Perawatan kulit adalah salah satu area di mana orang-orang BIPOC sering diabaikan. Kami telah belajar bahwa rasisme merajalela, mengganggu masyarakat pada tingkat struktural, termasuk cara sistem kesehatan kita berjalan. Colorism - perlakuan preferensial terhadap kulit berwarna lebih terang dan demonisasi atau pengabaian terhadap kulit yang lebih gelap - hanyalah salah satu cara hal ini muncul, terutama ketika menyangkut representasi media.
Selain memperkuat stereotip berbahaya dan berdampak negatif pada self-esteem seseorang, kurangnya representasi yang akurat juga dapat berdampak pada kesehatan seseorang. Adeline Kikam, DO, FAAD, penulis, konsultan, dan duta media sosial, telah melihat korelasi langsung antara apa yang terlihat (atau tidak terlihat) dalam media, masalah kulit dari klien dermatologinya, dan kurangnya pendidikan komunitas hitam seputar kesehatan kulit. Inilah tempat platformnya @brownskinderm hadir.

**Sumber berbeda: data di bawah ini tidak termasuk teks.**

lemma integral_identity_bounds:
  fixes n :: nat and d \<sigma> s :: real and u u' u'' :: "real \<Rightarrow> real"
  assumes "n \<ge> 1" and "d \<ge> 0" and "\<sigma> > 0"
    and sol: "ode_solution_on n {d<..} u u' u''"
    and inner_int: "\<forall>t>d. inner_integrand u u' t integrable_on {t..}"
    and outer_int: "\<forall>x>d. (\<lambda>t. inner_integral u u' t / t\<^sup>2) integrable_on {x..}"
    and ident: "\<forall>x>d. u x = 2 * (real n - 1) * x
                       * integral {x..} (\<lambda>t. inner_integral u u' t / t\<^sup>2) + \<sigma> * x"
    and "d < s"
  shows "0 \<le> u s - \<sigma> * s" "u s - \<sigma> * s \<le> (real n - 1) / (\<sigma> * s)"
    "- (2 * (real n - 1) / (\<sigma> * s\<^sup>2)) \<le> u' s - \<sigma>" "u' s - \<sigma> \<le> (real n - 1) / (\<sigma> * s\<^sup>2)"
    "s * u' s \<le> u s"
proof -
  define k where "k = 2 * (real n - 1)"
  define h where "h t = inner_integral u u' t / t\<^sup>2" for t
  define F where "F x = integral {x..} h" for x
  note h_bounds = integral_identity_weight_bounds[OF assms(1-7), folded h_def]
  have k: "0 \<le> k" using \<open>n \<ge> 1\<close> by (simp add: k_def)
  have "0 < s" using assms by simp
  have h_int: "h integrable_on {x..}" if "d < x" for x
    using outer_int that unfolding h_def[abs_def] by simp
  have F_nonneg: "0 \<le> F s"
    unfolding F_def using h_int h_bounds(1) \<open>d < s\<close> by (intro integral_nonneg) auto
  have F_le: "F s \<le> 1 / \<sigma> / (2 * s\<^sup>2)"
    unfolding F_def using h_int h_bounds \<open>d < s\<close> \<open>0 < s\<close> by (intro tail_integral_le) auto
  have F_decrease: "0 \<le> F s - F y \<and> F s - F y \<le> (y - s) * (1 / \<sigma>) / s ^ 3" if "s < y" for y
    unfolding F_def using h_int h_bounds \<open>d < s\<close> \<open>0 < s\<close> that
    by (intro tail_integral_diff_bounds) auto
  have u_eq: "u x = x * (\<sigma> + k * F x)" if "s \<le> x" for x
    using ident that \<open>d < s\<close> unfolding F_def h_def[abs_def] k_def by (simp add: algebra_simps)
  have deriv: "(u has_real_derivative u' s) (at s)" using sol assms by (simp add: ode_solution_on_def)
  have *: "k * (1 / \<sigma>) / (2 * s) = (real n - 1) / (\<sigma> * s)"
    "k * (1 / \<sigma>) / s\<^sup>2 = 2 * (real n - 1) / (\<sigma> * s\<^sup>2)"
    "k * (1 / \<sigma>) / (2 * s\<^sup>2) = (real n - 1) / (\<sigma> * s\<^sup>2)"
    using \<open>0 < s\<close> \<open>\<sigma> > 0\<close> by (simp_all add: k_def field_simps)
  show "0 \<le> u s - \<sigma> * s" "u s - \<sigma> * s \<le> (real n - 1) / (\<sigma> * s)"
    "- (2 * (real n - 1) / (\<sigma> * s\<^sup>2)) \<le> u' s - \<sigma>" "u' s - \<sigma> \<le> (real n - 1) / (\<sigma> * s\<^sup>2)"
    "s * u' s \<le> u s"
    using slope_bounds_from_tail[OF \<open>0 < s\<close> deriv u_eq k F_nonneg F_le F_decrease]
    unfolding * by simp_all
qed

section \<open>Continuation of solutions to \<open>(0, \<infinity>)\<close>\<close>

definition ode_rhs :: "nat \<Rightarrow> real \<Rightarrow> real \<Rightarrow> real \<Rightarrow> real" where
  "ode_rhs n x y w = ((x * w - y) / 2 + (real n - 1) / y) * (1 + w\<^sup>2)"

lemma ode_solution_onD:
  assumes "ode_solution_on n I u u' u''" "x \<in> I"
  shows "0 < u x" "(u has_real_derivative u' x) (at x)" "(u' has_real_derivative u'' x) (at x)"
    "u'' x = ode_rhs n x (u x) (u' x)"
  using assms unfolding ode_solution_on_def ode_rhs_def by auto

definition bracket_bound :: "nat \<Rightarrow> real \<Rightarrow> real \<Rightarrow> real \<Rightarrow> real \<Rightarrow> real" where
  "bracket_bound n X c C W = (X * W + C) / 2 + (real n - 1) / c"

definition rhs_lipschitz :: "nat \<Rightarrow> real \<Rightarrow> real \<Rightarrow> real \<Rightarrow> real \<Rightarrow> real" where
  "rhs_lipschitz n X c C W = (1 + W^2) * (X / 2 + 1 / 2 + (real n - 1) / c^2) + 2 * W * bracket_bound n X c C W"

lemma bracket_le:
  fixes x y w X c C W :: real
  assumes "0 \<le> x" "x \<le> X" "0 < c" "c \<le> y" "y \<le> C" "\<bar>w\<bar> \<le> W" "1 \<le> n"
  shows "\<bar>(x * w - y) / 2 + (real n - 1) / y\<bar> \<le> bracket_bound n X c C W"
proof -
  have "\<bar>x * w\<bar> \<le> X * W" using assms by (simp add: abs_mult mult_mono)
  hence "\<bar>x * w - y\<bar> \<le> X * W + C" using assms by linarith
  moreover have "0 \<le> (real n - 1) / y" using assms by simp
  moreover have "(real n - 1) / y \<le> (real n - 1) / c" using assms by (intro divide_left_mono) auto
  moreover have "\<bar>(x * w - y) / 2 + (real n - 1) / y\<bar> \<le> \<bar>(x * w - y) / 2\<bar> + \<bar>(real n - 1) / y\<bar>"
    by (rule abs_triangle_ineq)
  moreover have "\<bar>(x * w - y) / 2\<bar> = \<bar>x * w - y\<bar> / 2" by simp
  moreover have "\<bar>(real n - 1) / y\<bar> = (real n - 1) / y" using assms by simp
  ultimately have "\<bar>(x * w - y) / 2 + (real n - 1) / y\<bar> \<le> (X * W + C) / 2 + (real n - 1) / c"
    by (smt (verit, best) divide_right_mono)
  thus ?thesis unfolding bracket_bound_def .
qed

lemma bracket_lipschitz:
  fixes x y w y' w' X c C W :: real
  assumes "0 \<le> x" "x \<le> X" "0 < c" "c \<le> y" "c \<le> y'" "1 \<le> n"
  shows "\<bar>((x * w - y) / 2 + (real n - 1) / y) - ((x * w' - y') / 2 + (real n - 1) / y')\<bar>
         \<le> X / 2 * \<bar>w - w'\<bar> + (1/2 + (real n - 1) / c^2) * \<bar>y - y'\<bar>"
proof -
  have yy: "c^2 \<le> y * y'" using assms by (simp add: power2_eq_square mult_mono)
  have e: "((x * w - y) / 2 + (real n - 1) / y) - ((x * w' - y') / 2 + (real n - 1) / y')
        = x * (w - w') / 2 - (y - y') / 2 + (real n - 1) * (y' - y) / (y * y')"
    using assms by (simp add: field_simps)
  have a1: "\<bar>x * (w - w') / 2\<bar> \<le> X / 2 * \<bar>w - w'\<bar>" using assms by (simp add: abs_mult mult_right_mono)
  have a2: "\<bar>(real n - 1) * (y' - y) / (y * y')\<bar> \<le> (real n - 1) / c^2 * \<bar>y - y'\<bar>"
  proof -
    have "\<bar>(real n - 1) * (y' - y) / (y * y')\<bar> = (real n - 1) * \<bar>y - y'\<bar> / (y * y')"
      using assms by (simp add: abs_mult abs_minus_commute)
    also have "\<dots> \<le> (real n - 1) * \<bar>y - y'\<bar> / c^2"
      using assms yy by (intro divide_left_mono) auto
    finally show ?thesis by simp
  qed
  have a3: "\<bar>(y - y') / 2\<bar> = 1/2 * \<bar>y - y'\<bar>" by simp
  show ?thesis unfolding e
    using a1 a2 a3 abs_triangle_ineq[of "x * (w - w') / 2 - (y - y') / 2" "(real n - 1) * (y' - y) / (y * y')"]
      abs_triangle_ineq4[of "x * (w - w') / 2" "(y - y') / 2"]
    by (simp add: algebra_simps)
qed

lemma ode_rhs_lipschitz:
  fixes x y w y' w' X c C W :: real
  assumes "0 \<le> x" "x \<le> X" "0 < c" "c \<le> y" "y \<le> C" "c \<le> y'" "y' \<le> C" "\<bar>w\<bar> \<le> W" "\<bar>w'\<bar> \<le> W" "1 \<le> n"
  shows "\<bar>ode_rhs n x y w - ode_rhs n x y' w'\<bar> \<le> rhs_lipschitz n X c C W * (\<bar>y - y'\<bar> + \<bar>w - w'\<bar>)"
proof -
  define g where "g = (x * w - y) / 2 + (real n - 1) / y"
  define g' where "g' = (x * w' - y') / 2 + (real n - 1) / y'"
  have W0: "0 \<le> W" using assms(8) by linarith
  have X0: "0 \<le> X" using assms by linarith
  have gl: "\<bar>g - g'\<bar> \<le> X / 2 * \<bar>w - w'\<bar> + (1/2 + (real n - 1) / c^2) * \<bar>y - y'\<bar>"
    unfolding g_def g'_def by (rule bracket_lipschitz) (use assms in auto)
  have gb: "\<bar>g'\<bar> \<le> bracket_bound n X c C W" unfolding g'_def by (rule bracket_le) (use assms in auto)
  have bracket_nonneg: "0 \<le> bracket_bound n X c C W" using gb by linarith
  have ww: "\<bar>w^2 - w'^2\<bar> \<le> 2 * W * \<bar>w - w'\<bar>"
  proof -
    have "\<bar>w^2 - w'^2\<bar> = \<bar>w + w'\<bar> * \<bar>w - w'\<bar>" by (simp add: power2_eq_square algebra_simps abs_mult[symmetric])
    also have "\<dots> \<le> (2 * W) * \<bar>w - w'\<bar>" using assms by (intro mult_right_mono) auto
    finally show ?thesis .
  qed
  have w2: "1 + w^2 \<le> 1 + W^2" using assms by (simp add: abs_le_square_iff[symmetric])
  have e: "ode_rhs n x y w - ode_rhs n x y' w' = (g - g') * (1 + w^2) + g' * (w^2 - w'^2)"
    using assms unfolding ode_rhs_def g_def g'_def by (simp add: field_simps power2_eq_square)
  have t1: "\<bar>(g - g') * (1 + w^2)\<bar> \<le> (X / 2 * \<bar>w - w'\<bar> + (1/2 + (real n - 1) / c^2) * \<bar>y - y'\<bar>) * (1 + W^2)"
    unfolding abs_mult using gl w2 by (intro mult_mono) auto
  have t2: "\<bar>g' * (w^2 - w'^2)\<bar> \<le> bracket_bound n X c C W * (2 * W * \<bar>w - w'\<bar>)"
    unfolding abs_mult using gb ww by (intro mult_mono) auto
  have c0: "0 \<le> (real n - 1) / c^2" using assms by simp
  have "\<bar>ode_rhs n x y w - ode_rhs n x y' w'\<bar> \<le> (X / 2 * \<bar>w - w'\<bar> + (1/2 + (real n - 1) / c^2) * \<bar>y - y'\<bar>) * (1 + W^2)
        + bracket_bound n X c C W * (2 * W * \<bar>w - w'\<bar>)"
    unfolding e using t1 t2 abs_triangle_ineq[of "(g - g') * (1 + w^2)" "g' * (w^2 - w'^2)"] by linarith
  also have "\<dots> \<le> rhs_lipschitz n X c C W * (\<bar>y - y'\<bar> + \<bar>w - w'\<bar>)"
  proof -
    define K where "K = (real n - 1) / c^2"
    have "0 \<le> (1 + W^2) * (X / 2 * \<bar>y - y'\<bar> + (1/2 + K) * \<bar>w - w'\<bar>)
               + 2 * W * bracket_bound n X c C W * \<bar>y - y'\<bar>"
      using X0 W0 bracket_nonneg c0 unfolding K_def by (intro add_nonneg_nonneg mult_nonneg_nonneg) auto
    thus ?thesis unfolding rhs_lipschitz_def K_def[symmetric] by (simp add: algebra_simps add_divide_distrib)
  qed
  finally show ?thesis .
qed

Kikam membagikan bagaimana kegemarannya terhadap representasi orang kulit hitam dalam ruang perawatan kulit dimulai sejak kecil, berlanjut ke pengalamannya dengan jerawat dan kurangnya pilihan perawatan untuk kulit berpigmen. Ketika dia mencari solusi untuk jerawat dan bekas luka berikutnya, dia bertanya-tanya apakah pilihan yang tersedia akan bekerja baginya. "Hal ini menyebabkan tahun-tahun rasa ketidakamanan di kulit saya sendiri. Saya menghindari gaun rendah leher dan tanpa belakang untuk waktu yang lama," kata Kikam.
"Ketika saya masuk ke bidang medis, saya akhirnya tertarik pada dermatologi karena pengalaman pribadi saya, dan pelatihan saya mengarah pada pembicaraan terus-menerus dengan orang-orang BIPOC lainnya tentang masalah kulit mereka yang tidak cukup ditangani secara memadai."
Brown Skin Derm adalah platform yang bertujuan untuk memerangi ketidakwakilan dari profesional perawatan kesehatan dan kondisi kulit melalui membangun kepercayaan, kredibilitas, dan membangun kembali peran penyedia kulit hitam sebagai pemimpin pemikiran dalam bidang mereka masing-masing.
Menyikapi kurangnya dokter kulit hitam dalam bidang dermatologi, Kikam berbagi bahwa awalnya dia enggan untuk berbagi kisah pribadinya secara terbuka, tetapi sejak itu menyadari bahwa berbicara terbuka tentang pengalaman pribadinya memiliki dampak besar. Karena hanya 3% dari mahasiswa dermatologi adalah orang kulit hitam, ini termasuk mendorong mahasiswa kedokteran kulit hitam lainnya untuk melampaui statistik yang kurang ini. "Saya berbicara secara bebas tentang perjalanan dan perjuangan saya sebagai wanita kulit hitam dalam salah satu subspesialisasi paling tidak beragam di kedokteran," katanya.
Akhirnya, Kikam berharap Brown Skin Derm terus memberikan kontribusi dalam memenuhi kebutuhan untuk orang berkulit gelap dan mengurangi keberadaan narasi berbahaya. Dokter kulit ini mengambil langkah cepat dengan platform media sosial yang berkembang menjadi opsi tatap muka dan telehealth yang berfokus pada kulit berpigmen, semua dengan harapan menyebarkan pendidikan, memberdayakan komunitas berwarna, dan menghancurkan narasi berbahaya.